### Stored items
========
lemma exists_in_K_minus_image_off_line:
  assumes "3 \<le> n" "in_K_minus_image q" "r \<in> pg_points n" "r \<noteq> q"
  shows "\<exists>t. in_K_minus_image t \<and> \<not> collinear_pts q r t"
proof -
  note q = in_K_minus_imageD(1)[OF assms(2)]
  obtain t0 where t0: "t0 \<in> pg_points n" "t0 \<subseteq> K" "\<not> collinear_pts q r t0"
    using exists_point_off_line_in_hyperplane[OF assms(1) K(1) q assms(3)] by blast
  then have "q \<noteq> t0" using collinear_refl1[OF q assms(3)] by blast
  then obtain t where t: "in_K_minus_image t" "collinear_pts q t0 t" "t \<noteq> q"
    using exists_in_K_minus_image_on_line[OF assms(2) t0(1,2)] by blast
  note tP = in_K_minus_imageD(1)[OF t(1)]
  have "\<not> collinear_pts q r t"
  proof
    assume "collinear_pts q r t"
    have "collinear_pts q t t0" using collinear_swap23[OF q t0(1) tP t(2,3)] .
    then show False
      using collinear_on_line_trans[OF q assms(3) q tP t0(1) assms(4)[symmetric] t(3)[symmetric]
          collinear_refl1[OF q assms(3)] \<open>collinear_pts q r t\<close>] t0(3) by blast
  qed
  then show ?thesis using t(1) by blast
qed
lemma apply_last_norm:
  assumes "unitary2 U"
  shows "(\<Sum>i<2*d. apply_last U w i * cnj (apply_last U w i)) = (\<Sum>i<2*d. w i * cnj (w i))"
proof -
  have orth: "cnj (U 0 0) * U 0 0 + cnj (U 1 0) * U 1 0 = 1"
          "cnj (U 0 0) * U 0 1 + cnj (U 1 0) * U 1 1 = 0"
          "cnj (U 0 1) * U 0 0 + cnj (U 1 1) * U 1 0 = 0"
          "cnj (U 0 1) * U 0 1 + cnj (U 1 1) * U 1 1 = 1"
    using assms unfolding unitary2_def mmul_def adj_def sum_lessThan_2 idm_def
    by (auto dest: spec[of _ 0] spec[of _ 1])
  show ?thesis unfolding sum_lessThan_double
  proof (rule sum.cong)
    fix a
    have "apply_last U w (2*a) = U 0 0 * w (2*a) + U 0 1 * w (2*a+1)"
         "apply_last U w (2*a+1) = U 1 0 * w (2*a) + U 1 1 * w (2*a+1)"
      unfolding apply_last_def sum_lessThan_2 by simp_all
    then show "apply_last U w (2*a) * cnj (apply_last U w (2*a))
        + apply_last U w (2*a+1) * cnj (apply_last U w (2*a+1)) =
        w (2*a) * cnj (w (2*a)) + w (2*a+1) * cnj (w (2*a+1))"
      using orth by simp algebra
  qed simp
qed

text \<open>reduced_outer d v w is the operator tr_{1..n-1} |w><v| on the last qubit; in particular
reduced_outer d w w is the reduced state of |w><w| there.\<close>

definition reduced_outer :: "nat \<Rightarrow> (nat \<Rightarrow> complex) \<Rightarrow> (nat \<Rightarrow> complex) \<Rightarrow> cmat" where
  "reduced_outer d v w = (\<lambda>t s. if t < 2 \<and> s < 2 then (\<Sum>a<d. w (2*a+t) * cnj (v (2*a+s))) else 0)"

lemma mat2_reduced_outer: "mat2 (reduced_outer d v w)"
  unfolding mat2_def reduced_outer_def by auto

lemma inner_apply_last: "(\<Sum>i<2*d. cnj (v i) * apply_last U w i) = tr_prod U (reduced_outer d v w)"
  unfolding tr_prod_sum reduced_outer_def sum_lessThan_double apply_last_def
  by (simp add: sum_lessThan_2) (simp add: sum_distrib_left sum.distrib algebra_simps)

lemma pauli_rot_tr_prod:
  "tr_prod U (mmul 2 (pauli_rot H t) Q) =
    complex_of_real (cos t) * tr_prod U Q - \<i> * complex_of_real (sin t) * tr_prod U (mmul 2 H Q)"
  unfolding tr_prod_sum mmul_def pauli_rot_def by (simp add: sum_lessThan_2 idm_def algebra_simps)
========
### Exercise objective
Give back the records above exactly, limited to the lines between the one holding "w (2*a) * cnj (w" and the one holding "unfolding tr_prod_sum reduced_outer_def", inclusive.

### Task result
        w (2*a) * cnj (w (2*a)) + w (2*a+1) * cnj (w (2*a+1))"
      using orth by simp algebra
  qed simp
qed

text \<open>reduced_outer d v w is the operator tr_{1..n-1} |w><v| on the last qubit; in particular
reduced_outer d w w is the reduced state of |w><w| there.\<close>

definition reduced_outer :: "nat \<Rightarrow> (nat \<Rightarrow> complex) \<Rightarrow> (nat \<Rightarrow> complex) \<Rightarrow> cmat" where
  "reduced_outer d v w = (\<lambda>t s. if t < 2 \<and> s < 2 then (\<Sum>a<d. w (2*a+t) * cnj (v (2*a+s))) else 0)"

lemma mat2_reduced_outer: "mat2 (reduced_outer d v w)"
  unfolding mat2_def reduced_outer_def by auto

lemma inner_apply_last: "(\<Sum>i<2*d. cnj (v i) * apply_last U w i) = tr_prod U (reduced_outer d v w)"
  unfolding tr_prod_sum reduced_outer_def sum_lessThan_double apply_last_def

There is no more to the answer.